Being a small-minded (perhaps) person who at that point in my life was consumed with the daily call to be a good wife and a good mother, and to attend to immediate matters as homemaker and small-business woman, I could not fathom getting on some bus to a foreign land to obtain and experience this “thing.” But, no worries, the way was already being “prophetically paved” by new people who somehow showed up in one of our two “sister-congregations.“
In terms of theatrics, I’ll never forget the Sunday morning when both congregations were doing their monthly joint service and a man stood up who had the appearance, somewhat, of a gray-headed “Moses,” (along with a confident posture and authoritative sound to his voice), and said something along the lines of this “prophetic word”:
“It’s coming, and you cannot stop it. The dividing line in the sand is being drawn and you must choose. You are either ‘for it’ or ‘against’ it (this coming ‘move of God.’)
I pause here to insert a recent TikTok video that comes to mind, made by two notable online trans groomers and advocates of going “no contact” with parents (many “trans” kids come from Christian homes, so it is the Christian mom and dad and “their oppressive, unjust ways” that must be “severed” from) that I consider of a demonically-inspired nature. The similar theme being, “This IS where things are heading (one direction), and YOU will not be able to STOP it.”
But back to that Sunday morning meeting in 1995.
As if this wasn’t disturbing enough to me, given the little I already knew of this “thing” we were told was “coming” and for which we could either be “for or against,” we were yet to witness the full theatrics of it that morning. After this “prophet” spoke, another man stood up (one that was a regular, more longstanding involved member to that point), addressing the new-ish person, and loudly and defiantly asked, “By what authority do you speak this?”
And then, one of the Christian community’s leaders stood up and addressed the second man by name, saying along the lines of, “_______, you are out of line.”
THEN, the second man rapidly grabbed his wife by the hand or shoulder (as I recall), and they briskly and literally fled the large meeting room of assembled believers, in front of the eyes of all present (I’m guessing about 400-500 people in total), heading straight to the nursery to “scoop up” their children, never to be seen in our church again. I could write of what I loosely know about their experience between leaving the chairs and arriving in the nursery, but I will not. Not my story to tell, but, many there witnessed the main event.

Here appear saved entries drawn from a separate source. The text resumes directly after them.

lemma not_lie_fin_gen_if_rank_unbounded:
  fixes rank :: "'a \<Rightarrow> nat"
  assumes closed: "\<And>c d t. c \<in> C \<Longrightarrow> d \<in> C \<Longrightarrow> t \<in> {1..ar d} \<Longrightarrow>
      cp d t c \<in> C \<and> rank (cp d t c) \<le> max (rank c) (rank d)"
    and unbounded: "\<And>n. \<exists>c\<in>C. n < rank c"
  shows "\<not> lie_fin_gen C ar cp"
proof
  assume "lie_fin_gen C ar cp"
  then obtain S where S: "finite S" "S \<subseteq> LieAlg C" "lie_span ar cp S = LieAlg C"
    unfolding lie_fin_gen_def by blast
  define U where "U = (\<Union>x\<in>S. supp x)"
  have "finite U" "U \<subseteq> C" using S(1,2) unfolding U_def LieAlg_def by auto
  define N where "N = (\<Sum>u\<in>U. rank u)"
  have rank_U: "rank u \<le> N" if "u \<in> U" for u
    unfolding N_def using \<open>finite U\<close> that by (intro member_le_sum) auto
  obtain c where "c \<in> C" "N < rank c" using unbounded by blast
  define \<delta> where "\<delta> = (\<lambda>z. if z = c then (1::rat) else 0)"
  have "supp \<delta> = {c}" unfolding supp_def \<delta>_def by auto
  then have "\<delta> \<in> lie_span ar cp S" using S(3) \<open>c \<in> C\<close> by (simp add: LieAlg_def)
  moreover have "\<delta> c \<noteq> 0" unfolding \<delta>_def by simp
  ultimately have "c \<in> C \<and> rank c \<le> N"
  proof (rule lie_span_supp_induct[where P = "\<lambda>z. z \<in> C \<and> rank z \<le> N"])
    fix x z assume "x \<in> S" "x z \<noteq> 0"
    then have "z \<in> U" unfolding U_def supp_def by auto
    then show "z \<in> C \<and> rank z \<le> N" using rank_U \<open>U \<subseteq> C\<close> by blast
  next
    fix c d t assume "c \<in> C \<and> rank c \<le> N" "d \<in> C \<and> rank d \<le> N" "t \<in> {1..ar d}"
    then show "cp d t c \<in> C \<and> rank (cp d t c) \<le> N" using closed[of c d t] by auto
  qed
  then show False using \<open>N < rank c\<close> by simp
qed

lemma wf_tree_Node_iff [simp]:
  "wf_tree (Node ts) \<longleftrightarrow> length ts \<ge> 2 \<and> (\<forall>t\<in>set ts. wf_tree t)"
  by (subst wf_tree.simps) auto

lemma wf_tree_Leaf [simp]: "wf_tree Leaf"
  by (rule wf_tree.intros)

fun max_valence :: "ptree \<Rightarrow> nat" and max_valence_list :: "ptree list \<Rightarrow> nat" where
  "max_valence Leaf = 0"
| "max_valence (Node ts) = max (length ts) (max_valence_list ts)"
| "max_valence_list [] = 0"
| "max_valence_list (t # ts) = max (max_valence t) (max_valence_list ts)"

lemma max_valence_corolla: "max_valence (Node (replicate n Leaf)) = n"
proof -
  have "max_valence_list (replicate n Leaf) = 0" by (induction n) auto
  then show ?thesis by simp
qed

lemma max_valence_graft:
  "max_valence (graft c i d) \<le> max (max_valence c) (max_valence d)"
  "max_valence_list (graft_list ts i d) \<le> max (max_valence_list ts) (max_valence d)
     \<and> length (graft_list ts i d) = length ts"
  by (induction c i d and ts i d rule: graft_graft_list.induct) auto

lemma wf_tree_graft:
  "wf_tree c \<Longrightarrow> wf_tree d \<Longrightarrow> wf_tree (graft c i d)"
  "\<forall>t\<in>set ts. wf_tree t \<Longrightarrow> wf_tree d \<Longrightarrow>
     (\<forall>t\<in>set (graft_list ts i d). wf_tree t) \<and> length (graft_list ts i d) = length ts"
  by (induction c i d and ts i d rule: graft_graft_list.induct) auto

lemma erase_Node_SomeE:
  assumes "erase (Node ts) i = Some u"
  obtains "erase_list ts i = [u]"
  | t1 t2 r where "erase_list ts i = t1 # t2 # r" "u = Node (t1 # t2 # r)"
  using assms by (cases "erase_list ts i" rule: remdups_adj.cases) auto

lemma max_valence_erase:
  "erase c i = Some u \<Longrightarrow> max_valence u \<le> max_valence c"
  "max_valence_list (erase_list ts i) \<le> max_valence_list ts
     \<and> length (erase_list ts i) \<le> length ts"
proof (induction c i and ts i arbitrary: u rule: erase_erase_list.induct)
  case (2 ts i)
  from 2(2) show ?case
  proof (cases rule: erase_Node_SomeE)
    case 1 then show ?thesis using "2.IH" by (simp add: le_max_iff_disj)
  next
    case 2 then show ?thesis using "2.IH" by (simp add: max_def)
  qed
next
  case (4 t ts i)
  show ?case
  proof (cases "i \<le> leaves t")
    case True then show ?thesis using 4 by (cases "erase t i") auto
  next
    case False then show ?thesis using 4 by auto
  qed
qed (simp_all split: if_splits)

lemma wf_tree_erase:
  "wf_tree c \<Longrightarrow> erase c i = Some u \<Longrightarrow> wf_tree u"
  "\<forall>t\<in>set ts. wf_tree t \<Longrightarrow>
     (\<forall>t\<in>set (erase_list ts i). wf_tree t) \<and> length ts \<le> length (erase_list ts i) + 1"
proof (induction c i and ts i arbitrary: u rule: erase_erase_list.induct)
  case (2 ts i)
  from 2(3) show ?case
    by (cases rule: erase_Node_SomeE) (use "2.IH" "2.prems"(1) in simp_all)
next
  case (4 t ts i)
  have "wf_tree t" "\<forall>x\<in>set ts. wf_tree x" using "4.prems" by auto
  show ?case
  proof (cases "i \<le> leaves t")
    case True
    then show ?thesis
      using "4.IH"(1) \<open>wf_tree t\<close> \<open>\<forall>x\<in>set ts. wf_tree x\<close> by (cases "erase t i") auto
  next
    case False
    then show ?thesis using "4.IH"(2) \<open>wf_tree t\<close> \<open>\<forall>x\<in>set ts. wf_tree x\<close> by simp
  qed
qed (simp_all split: if_splits)

lemma erase_eq_SomeE:
  assumes "wf_tree c" "c \<noteq> Leaf"
  obtains u where "erase c i = Some u"
proof -
  from assms obtain ts where c: "c = Node ts" "length ts \<ge> 2" "\<forall>t\<in>set ts. wf_tree t"
    by (cases c) auto
  then have "erase_list ts i \<noteq> []" using wf_tree_erase(2)[of ts i] by auto
  then show ?thesis using c that by (cases "erase_list ts i" rule: remdups_adj.cases) auto
qed

lemma graft_closed:
  "c \<in> Tree \<Longrightarrow> d \<in> Tree \<Longrightarrow>
     graft d t c \<in> Tree \<and> max_valence (graft d t c) \<le> max (max_valence c) (max_valence d)"
  using wf_tree_graft(1) max_valence_graft(1)[of d t c] by (auto simp: Tree_def)

lemma compM_closed:
  fixes rank :: "ptree option \<Rightarrow> nat"
  defines "rank \<equiv> case_option 0 max_valence"
  assumes "c \<in> TreeM" "d \<in> TreeM"
  shows "compM d t c \<in> TreeM \<and> rank (compM d t c) \<le> max (rank c) (rank d)"
proof (cases d)
  case (Some d')
  show ?thesis
  proof (cases c)
    case None
    show ?thesis
    proof (cases "d' = Leaf")
      case False
      have "wf_tree d'" using assms(3) Some by (auto simp: TreeM_def Tree_def)
      then obtain u where "erase d' t = Some u" using False by (blast elim: erase_eq_SomeE)
      then show ?thesis
        using \<open>wf_tree d'\<close> wf_tree_erase(1) max_valence_erase(1) Some None False
        by (auto simp: rank_def face_def TreeM_def Tree_def)
    qed (simp add: Some None TreeM_def)
  next
    case (Some c')
    then show ?thesis using \<open>d = Some d'\<close> assms(2,3) graft_closed[of c' d' t]
      by (auto simp: rank_def TreeM_def)
  qed
qed (simp add: TreeM_def)

theorem corollary6p5:
  shows "\<not> lie_fin_gen Tree leaves graft \<and> \<not> lie_fin_gen TreeM arityM compM"
proof
  have corolla: "Node (replicate (n + 2) Leaf) \<in> Tree" for n
    by (simp add: Tree_def)
  show "\<not> lie_fin_gen Tree leaves graft"
  proof (rule not_lie_fin_gen_if_rank_unbounded[where rank = max_valence])
    show "\<exists>c\<in>Tree. n < max_valence c" for n
      using corolla[of n] max_valence_corolla
      by (intro bexI[of _ "Node (replicate (n + 2) Leaf)"]) auto
  qed (rule graft_closed)
  show "\<not> lie_fin_gen TreeM arityM compM"
  proof (rule not_lie_fin_gen_if_rank_unbounded[where rank = "case_option 0 max_valence"])
    show "\<exists>c\<in>TreeM. n < case_option 0 max_valence c" for n
      using corolla[of n] max_valence_corolla
      by (intro bexI[of _ "Some (Node (replicate (n + 2) Leaf))"]) (auto simp: TreeM_def)
  qed (rule compM_closed)
qed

This is a long lead-in to what I saw that Friday night, back in 1995, when I recall attending alone, wanting to spiritually “check it out” for myself.
That night, I sat in a chair against one wall, carefully (and fearfully) observing the strange scene, unfolding on the carpet in the simple sanctuary where my first husband and I had made our marital covenant about ten years earlier. Unfolding among many of the same people who had witnessed and prayed together in the 1994 baby dedication that included Jonathan Rodney Elfers, and in which the microphone somehow got passed to Zachary James Elfers (then about five years old), to add in his prayer.
We were a community of believers that felt like family. For me, especially, it was very much my family. Contrary to the new information being fed to us, I didn’t know we were so “broken” and in need of this “new fix.” In those days, though our church had the charismatic flavoring and practices with all its pros and cons, it felt generally “safe,” and generally like what I imagined or knew most Christian churches to be in those days.
Whether Baptist, Methodist, Presbyterian, Church of Christ, Assemblies of God, Non-Denominational or otherwise, I think in general, one could expect that the goals of the local Christian church community were to teach from the scriptures about Jesus, worship through various music and styles, share the good news of salvation through Christ, and equip us for daily living with its responsibilities, conundrums, joys and sorrows.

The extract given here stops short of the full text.